What is needed is every line of the material that contains "close".

▸ EXERCISE DATA:
....

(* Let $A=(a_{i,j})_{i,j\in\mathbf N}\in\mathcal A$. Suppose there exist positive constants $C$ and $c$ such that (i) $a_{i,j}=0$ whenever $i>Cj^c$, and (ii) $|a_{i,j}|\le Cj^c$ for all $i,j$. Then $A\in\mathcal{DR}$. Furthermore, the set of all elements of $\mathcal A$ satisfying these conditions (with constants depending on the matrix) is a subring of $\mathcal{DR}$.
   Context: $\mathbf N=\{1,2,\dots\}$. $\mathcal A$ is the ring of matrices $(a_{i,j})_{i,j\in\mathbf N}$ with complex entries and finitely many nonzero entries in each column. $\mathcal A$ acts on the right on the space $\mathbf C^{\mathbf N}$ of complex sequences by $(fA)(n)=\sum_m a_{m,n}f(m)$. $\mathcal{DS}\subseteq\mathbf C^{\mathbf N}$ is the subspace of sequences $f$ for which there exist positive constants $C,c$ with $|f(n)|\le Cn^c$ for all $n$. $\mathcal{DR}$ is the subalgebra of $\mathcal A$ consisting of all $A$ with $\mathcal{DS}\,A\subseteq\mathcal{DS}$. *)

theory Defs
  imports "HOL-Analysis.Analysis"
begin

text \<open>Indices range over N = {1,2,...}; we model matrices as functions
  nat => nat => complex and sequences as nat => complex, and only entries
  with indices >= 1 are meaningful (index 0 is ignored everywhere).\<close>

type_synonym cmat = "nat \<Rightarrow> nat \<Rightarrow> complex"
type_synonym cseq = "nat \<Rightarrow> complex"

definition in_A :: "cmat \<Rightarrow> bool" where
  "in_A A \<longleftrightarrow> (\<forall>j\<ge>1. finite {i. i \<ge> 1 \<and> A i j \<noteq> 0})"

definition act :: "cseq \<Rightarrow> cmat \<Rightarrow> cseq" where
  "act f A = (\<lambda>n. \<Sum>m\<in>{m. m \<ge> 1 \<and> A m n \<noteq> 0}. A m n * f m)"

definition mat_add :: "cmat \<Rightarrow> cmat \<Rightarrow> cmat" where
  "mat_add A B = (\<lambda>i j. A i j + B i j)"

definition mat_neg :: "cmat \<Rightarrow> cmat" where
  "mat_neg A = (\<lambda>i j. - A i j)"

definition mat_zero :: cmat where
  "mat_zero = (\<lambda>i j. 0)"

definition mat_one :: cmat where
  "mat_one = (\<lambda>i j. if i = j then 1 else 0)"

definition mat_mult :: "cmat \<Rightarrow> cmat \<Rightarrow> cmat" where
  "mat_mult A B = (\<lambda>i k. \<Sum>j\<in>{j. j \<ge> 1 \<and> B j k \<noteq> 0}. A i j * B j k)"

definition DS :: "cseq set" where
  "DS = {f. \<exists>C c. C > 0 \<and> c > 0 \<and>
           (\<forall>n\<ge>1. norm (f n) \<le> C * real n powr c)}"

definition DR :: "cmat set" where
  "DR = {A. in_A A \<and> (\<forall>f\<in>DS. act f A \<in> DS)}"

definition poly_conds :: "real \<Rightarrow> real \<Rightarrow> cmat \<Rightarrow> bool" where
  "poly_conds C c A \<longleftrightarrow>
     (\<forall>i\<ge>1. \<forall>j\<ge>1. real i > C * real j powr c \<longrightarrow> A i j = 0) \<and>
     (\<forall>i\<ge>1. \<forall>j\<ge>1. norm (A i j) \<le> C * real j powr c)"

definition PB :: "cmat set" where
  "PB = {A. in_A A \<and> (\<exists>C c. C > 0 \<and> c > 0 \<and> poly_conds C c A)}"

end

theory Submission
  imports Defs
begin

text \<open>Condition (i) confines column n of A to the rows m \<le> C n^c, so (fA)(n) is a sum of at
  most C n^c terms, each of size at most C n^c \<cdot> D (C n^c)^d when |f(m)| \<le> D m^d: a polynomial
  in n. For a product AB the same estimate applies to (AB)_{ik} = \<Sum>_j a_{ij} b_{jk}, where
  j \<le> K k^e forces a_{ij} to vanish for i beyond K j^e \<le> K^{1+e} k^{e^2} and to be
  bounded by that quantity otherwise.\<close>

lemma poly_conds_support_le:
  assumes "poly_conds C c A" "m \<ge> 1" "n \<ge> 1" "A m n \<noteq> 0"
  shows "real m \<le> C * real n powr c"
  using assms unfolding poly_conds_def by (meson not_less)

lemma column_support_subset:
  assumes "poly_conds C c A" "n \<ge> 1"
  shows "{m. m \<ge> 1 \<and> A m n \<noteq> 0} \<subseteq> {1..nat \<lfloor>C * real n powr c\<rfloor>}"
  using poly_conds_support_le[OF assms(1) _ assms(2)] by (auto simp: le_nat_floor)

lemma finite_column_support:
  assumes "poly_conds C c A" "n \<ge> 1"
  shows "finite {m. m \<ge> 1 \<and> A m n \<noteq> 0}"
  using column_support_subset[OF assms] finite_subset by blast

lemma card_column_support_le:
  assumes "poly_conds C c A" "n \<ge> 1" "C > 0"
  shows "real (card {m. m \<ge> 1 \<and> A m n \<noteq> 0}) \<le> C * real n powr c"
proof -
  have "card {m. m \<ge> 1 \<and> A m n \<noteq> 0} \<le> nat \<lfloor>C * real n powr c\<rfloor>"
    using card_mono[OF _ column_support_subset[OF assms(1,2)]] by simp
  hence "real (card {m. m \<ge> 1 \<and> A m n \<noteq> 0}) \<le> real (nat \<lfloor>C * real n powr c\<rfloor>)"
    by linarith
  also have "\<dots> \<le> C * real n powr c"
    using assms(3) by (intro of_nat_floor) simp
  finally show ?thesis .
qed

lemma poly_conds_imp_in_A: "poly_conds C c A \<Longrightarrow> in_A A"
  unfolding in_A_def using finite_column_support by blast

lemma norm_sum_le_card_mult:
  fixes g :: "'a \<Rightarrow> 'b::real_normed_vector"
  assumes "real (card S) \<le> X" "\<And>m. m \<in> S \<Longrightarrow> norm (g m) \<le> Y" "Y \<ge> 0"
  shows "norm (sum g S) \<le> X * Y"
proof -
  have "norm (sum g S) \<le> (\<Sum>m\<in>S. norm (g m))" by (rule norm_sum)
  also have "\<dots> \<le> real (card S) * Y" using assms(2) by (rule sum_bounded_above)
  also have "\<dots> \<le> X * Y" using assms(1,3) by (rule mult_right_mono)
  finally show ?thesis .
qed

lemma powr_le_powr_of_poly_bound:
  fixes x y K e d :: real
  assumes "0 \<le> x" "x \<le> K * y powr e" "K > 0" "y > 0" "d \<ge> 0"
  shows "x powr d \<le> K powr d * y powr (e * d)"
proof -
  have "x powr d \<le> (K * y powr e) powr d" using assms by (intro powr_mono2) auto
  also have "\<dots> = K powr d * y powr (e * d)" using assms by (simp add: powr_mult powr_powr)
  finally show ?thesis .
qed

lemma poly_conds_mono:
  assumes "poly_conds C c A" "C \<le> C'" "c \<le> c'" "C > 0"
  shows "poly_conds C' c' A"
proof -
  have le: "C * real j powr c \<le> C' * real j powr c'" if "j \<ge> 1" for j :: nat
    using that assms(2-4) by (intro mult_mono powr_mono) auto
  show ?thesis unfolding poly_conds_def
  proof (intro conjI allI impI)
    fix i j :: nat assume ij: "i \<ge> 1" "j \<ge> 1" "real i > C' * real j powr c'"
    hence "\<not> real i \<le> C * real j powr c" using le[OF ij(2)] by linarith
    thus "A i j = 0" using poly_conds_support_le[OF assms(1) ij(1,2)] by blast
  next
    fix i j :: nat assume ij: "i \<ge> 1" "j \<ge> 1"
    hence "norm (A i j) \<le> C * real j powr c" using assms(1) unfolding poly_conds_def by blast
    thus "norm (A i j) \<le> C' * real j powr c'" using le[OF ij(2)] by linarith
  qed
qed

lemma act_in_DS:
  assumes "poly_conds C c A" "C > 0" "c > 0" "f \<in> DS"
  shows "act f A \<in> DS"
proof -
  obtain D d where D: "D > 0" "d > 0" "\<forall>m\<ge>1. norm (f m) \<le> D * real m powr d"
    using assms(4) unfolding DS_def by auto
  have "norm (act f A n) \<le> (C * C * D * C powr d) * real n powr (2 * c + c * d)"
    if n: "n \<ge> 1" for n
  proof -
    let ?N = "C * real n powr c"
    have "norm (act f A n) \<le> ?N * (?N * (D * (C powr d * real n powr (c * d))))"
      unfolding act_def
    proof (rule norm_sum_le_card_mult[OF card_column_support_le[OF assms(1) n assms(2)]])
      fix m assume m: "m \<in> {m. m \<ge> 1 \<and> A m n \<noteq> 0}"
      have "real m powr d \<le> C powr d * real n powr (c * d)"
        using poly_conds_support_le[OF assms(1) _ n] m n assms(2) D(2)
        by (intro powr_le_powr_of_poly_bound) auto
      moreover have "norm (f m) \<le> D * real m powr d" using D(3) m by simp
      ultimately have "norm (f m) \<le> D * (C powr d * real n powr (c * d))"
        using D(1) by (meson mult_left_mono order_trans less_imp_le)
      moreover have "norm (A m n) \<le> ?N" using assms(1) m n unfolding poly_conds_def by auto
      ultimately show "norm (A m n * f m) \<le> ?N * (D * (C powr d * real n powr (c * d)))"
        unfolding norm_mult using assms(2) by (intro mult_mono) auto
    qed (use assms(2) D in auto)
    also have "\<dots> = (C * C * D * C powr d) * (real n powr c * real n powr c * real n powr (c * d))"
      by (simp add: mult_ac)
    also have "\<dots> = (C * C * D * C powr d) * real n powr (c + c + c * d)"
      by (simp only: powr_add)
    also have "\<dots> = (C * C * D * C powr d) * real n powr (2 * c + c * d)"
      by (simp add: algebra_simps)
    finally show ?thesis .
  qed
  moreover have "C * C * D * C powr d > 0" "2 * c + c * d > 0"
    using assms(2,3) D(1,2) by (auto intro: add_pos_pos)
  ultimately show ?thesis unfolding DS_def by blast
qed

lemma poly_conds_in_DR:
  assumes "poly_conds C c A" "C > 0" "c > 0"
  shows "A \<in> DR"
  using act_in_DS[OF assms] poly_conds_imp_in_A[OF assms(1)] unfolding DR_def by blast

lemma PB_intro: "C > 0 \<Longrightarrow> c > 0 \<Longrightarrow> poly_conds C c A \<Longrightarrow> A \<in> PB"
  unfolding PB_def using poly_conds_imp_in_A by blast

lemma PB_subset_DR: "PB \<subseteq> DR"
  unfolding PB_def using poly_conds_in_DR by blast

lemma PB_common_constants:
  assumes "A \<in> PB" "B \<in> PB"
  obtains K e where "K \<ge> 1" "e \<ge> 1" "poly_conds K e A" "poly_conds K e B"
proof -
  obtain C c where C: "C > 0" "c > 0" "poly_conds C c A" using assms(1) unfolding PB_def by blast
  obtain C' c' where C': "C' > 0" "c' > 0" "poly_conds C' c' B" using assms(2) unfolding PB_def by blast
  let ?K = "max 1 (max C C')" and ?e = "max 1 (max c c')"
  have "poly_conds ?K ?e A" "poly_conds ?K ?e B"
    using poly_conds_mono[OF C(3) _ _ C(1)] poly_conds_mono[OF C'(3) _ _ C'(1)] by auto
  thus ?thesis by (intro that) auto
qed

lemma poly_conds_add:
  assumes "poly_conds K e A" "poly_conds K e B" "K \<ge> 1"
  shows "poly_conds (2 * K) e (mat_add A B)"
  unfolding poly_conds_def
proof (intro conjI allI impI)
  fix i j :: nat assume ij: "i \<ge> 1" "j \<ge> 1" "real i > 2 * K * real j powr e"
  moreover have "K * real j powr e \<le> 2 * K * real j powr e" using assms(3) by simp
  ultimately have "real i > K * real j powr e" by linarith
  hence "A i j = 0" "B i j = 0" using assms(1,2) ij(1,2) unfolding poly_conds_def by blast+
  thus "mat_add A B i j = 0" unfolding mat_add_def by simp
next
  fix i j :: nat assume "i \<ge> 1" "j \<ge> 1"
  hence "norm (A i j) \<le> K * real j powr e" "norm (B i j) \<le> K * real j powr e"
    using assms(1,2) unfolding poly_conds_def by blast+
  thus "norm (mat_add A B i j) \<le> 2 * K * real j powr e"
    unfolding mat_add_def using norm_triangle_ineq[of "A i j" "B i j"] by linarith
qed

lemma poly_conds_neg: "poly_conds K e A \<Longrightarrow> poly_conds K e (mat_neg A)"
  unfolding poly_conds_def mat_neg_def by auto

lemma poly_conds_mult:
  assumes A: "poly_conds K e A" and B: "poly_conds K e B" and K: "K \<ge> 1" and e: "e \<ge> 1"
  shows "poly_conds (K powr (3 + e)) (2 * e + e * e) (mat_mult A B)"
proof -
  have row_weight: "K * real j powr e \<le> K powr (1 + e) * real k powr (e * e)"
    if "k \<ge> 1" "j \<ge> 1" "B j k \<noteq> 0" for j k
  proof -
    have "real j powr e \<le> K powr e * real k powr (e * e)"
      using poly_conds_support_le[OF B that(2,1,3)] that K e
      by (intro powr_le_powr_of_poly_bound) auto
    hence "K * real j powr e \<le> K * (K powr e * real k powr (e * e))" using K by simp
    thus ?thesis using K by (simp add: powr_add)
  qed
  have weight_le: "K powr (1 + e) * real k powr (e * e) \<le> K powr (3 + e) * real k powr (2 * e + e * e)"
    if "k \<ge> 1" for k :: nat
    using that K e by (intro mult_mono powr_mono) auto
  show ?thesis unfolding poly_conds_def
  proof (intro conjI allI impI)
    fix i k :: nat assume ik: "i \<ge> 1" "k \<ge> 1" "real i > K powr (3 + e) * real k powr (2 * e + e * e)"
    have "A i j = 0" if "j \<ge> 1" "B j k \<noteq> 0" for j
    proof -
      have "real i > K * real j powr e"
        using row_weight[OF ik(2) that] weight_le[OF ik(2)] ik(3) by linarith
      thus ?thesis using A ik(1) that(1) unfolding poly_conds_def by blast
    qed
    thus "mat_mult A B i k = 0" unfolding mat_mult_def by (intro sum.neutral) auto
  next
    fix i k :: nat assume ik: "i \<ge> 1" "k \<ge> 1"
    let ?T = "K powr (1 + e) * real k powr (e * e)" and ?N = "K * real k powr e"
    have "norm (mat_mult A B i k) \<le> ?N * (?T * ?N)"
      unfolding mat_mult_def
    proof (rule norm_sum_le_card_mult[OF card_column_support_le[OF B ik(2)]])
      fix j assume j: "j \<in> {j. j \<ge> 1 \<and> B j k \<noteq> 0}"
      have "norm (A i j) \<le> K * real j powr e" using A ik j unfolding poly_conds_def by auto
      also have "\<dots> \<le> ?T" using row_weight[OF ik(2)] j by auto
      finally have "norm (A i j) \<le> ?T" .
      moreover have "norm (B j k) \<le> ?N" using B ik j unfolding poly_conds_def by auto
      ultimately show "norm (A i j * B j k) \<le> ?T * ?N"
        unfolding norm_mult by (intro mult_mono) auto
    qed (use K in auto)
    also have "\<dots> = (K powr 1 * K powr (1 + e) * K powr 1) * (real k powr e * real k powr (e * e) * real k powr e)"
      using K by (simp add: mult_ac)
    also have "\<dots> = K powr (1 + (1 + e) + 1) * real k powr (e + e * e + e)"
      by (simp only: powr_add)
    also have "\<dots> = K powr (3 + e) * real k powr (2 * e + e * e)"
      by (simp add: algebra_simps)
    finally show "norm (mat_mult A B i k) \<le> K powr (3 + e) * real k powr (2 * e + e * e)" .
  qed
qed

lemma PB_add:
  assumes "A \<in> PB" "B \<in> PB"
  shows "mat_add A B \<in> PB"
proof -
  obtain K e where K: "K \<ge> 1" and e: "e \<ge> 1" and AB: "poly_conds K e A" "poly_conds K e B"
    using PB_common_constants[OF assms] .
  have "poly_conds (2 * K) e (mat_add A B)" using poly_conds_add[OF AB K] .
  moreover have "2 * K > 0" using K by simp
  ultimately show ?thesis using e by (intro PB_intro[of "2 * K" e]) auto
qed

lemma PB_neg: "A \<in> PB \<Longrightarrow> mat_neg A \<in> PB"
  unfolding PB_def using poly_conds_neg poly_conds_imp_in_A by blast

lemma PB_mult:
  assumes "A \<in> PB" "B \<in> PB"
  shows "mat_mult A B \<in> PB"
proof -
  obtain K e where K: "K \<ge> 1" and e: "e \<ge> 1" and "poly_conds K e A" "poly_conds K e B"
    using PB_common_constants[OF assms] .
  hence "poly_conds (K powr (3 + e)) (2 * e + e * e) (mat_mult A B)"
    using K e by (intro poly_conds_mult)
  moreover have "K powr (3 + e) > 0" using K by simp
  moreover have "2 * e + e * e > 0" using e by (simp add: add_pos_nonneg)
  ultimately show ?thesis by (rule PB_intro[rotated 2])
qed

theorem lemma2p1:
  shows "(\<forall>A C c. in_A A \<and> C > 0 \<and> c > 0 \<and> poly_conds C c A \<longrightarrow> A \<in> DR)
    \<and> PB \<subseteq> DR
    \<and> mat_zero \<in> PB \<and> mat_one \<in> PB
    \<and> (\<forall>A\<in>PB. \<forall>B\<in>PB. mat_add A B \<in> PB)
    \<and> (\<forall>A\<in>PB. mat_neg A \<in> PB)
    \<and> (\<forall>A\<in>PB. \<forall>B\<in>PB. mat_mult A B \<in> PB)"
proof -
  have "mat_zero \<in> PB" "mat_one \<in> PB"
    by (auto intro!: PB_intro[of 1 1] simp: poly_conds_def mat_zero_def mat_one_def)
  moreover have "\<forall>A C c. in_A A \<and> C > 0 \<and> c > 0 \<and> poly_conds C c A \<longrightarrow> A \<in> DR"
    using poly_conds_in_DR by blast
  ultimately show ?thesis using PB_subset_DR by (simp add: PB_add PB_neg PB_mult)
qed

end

....

▸ OUTPUT OF THE EXERCISE:
  with indices >= 1 are meaningful (index 0 is ignored everywhere).\<close>
  bounded by that quantity otherwise.\<close>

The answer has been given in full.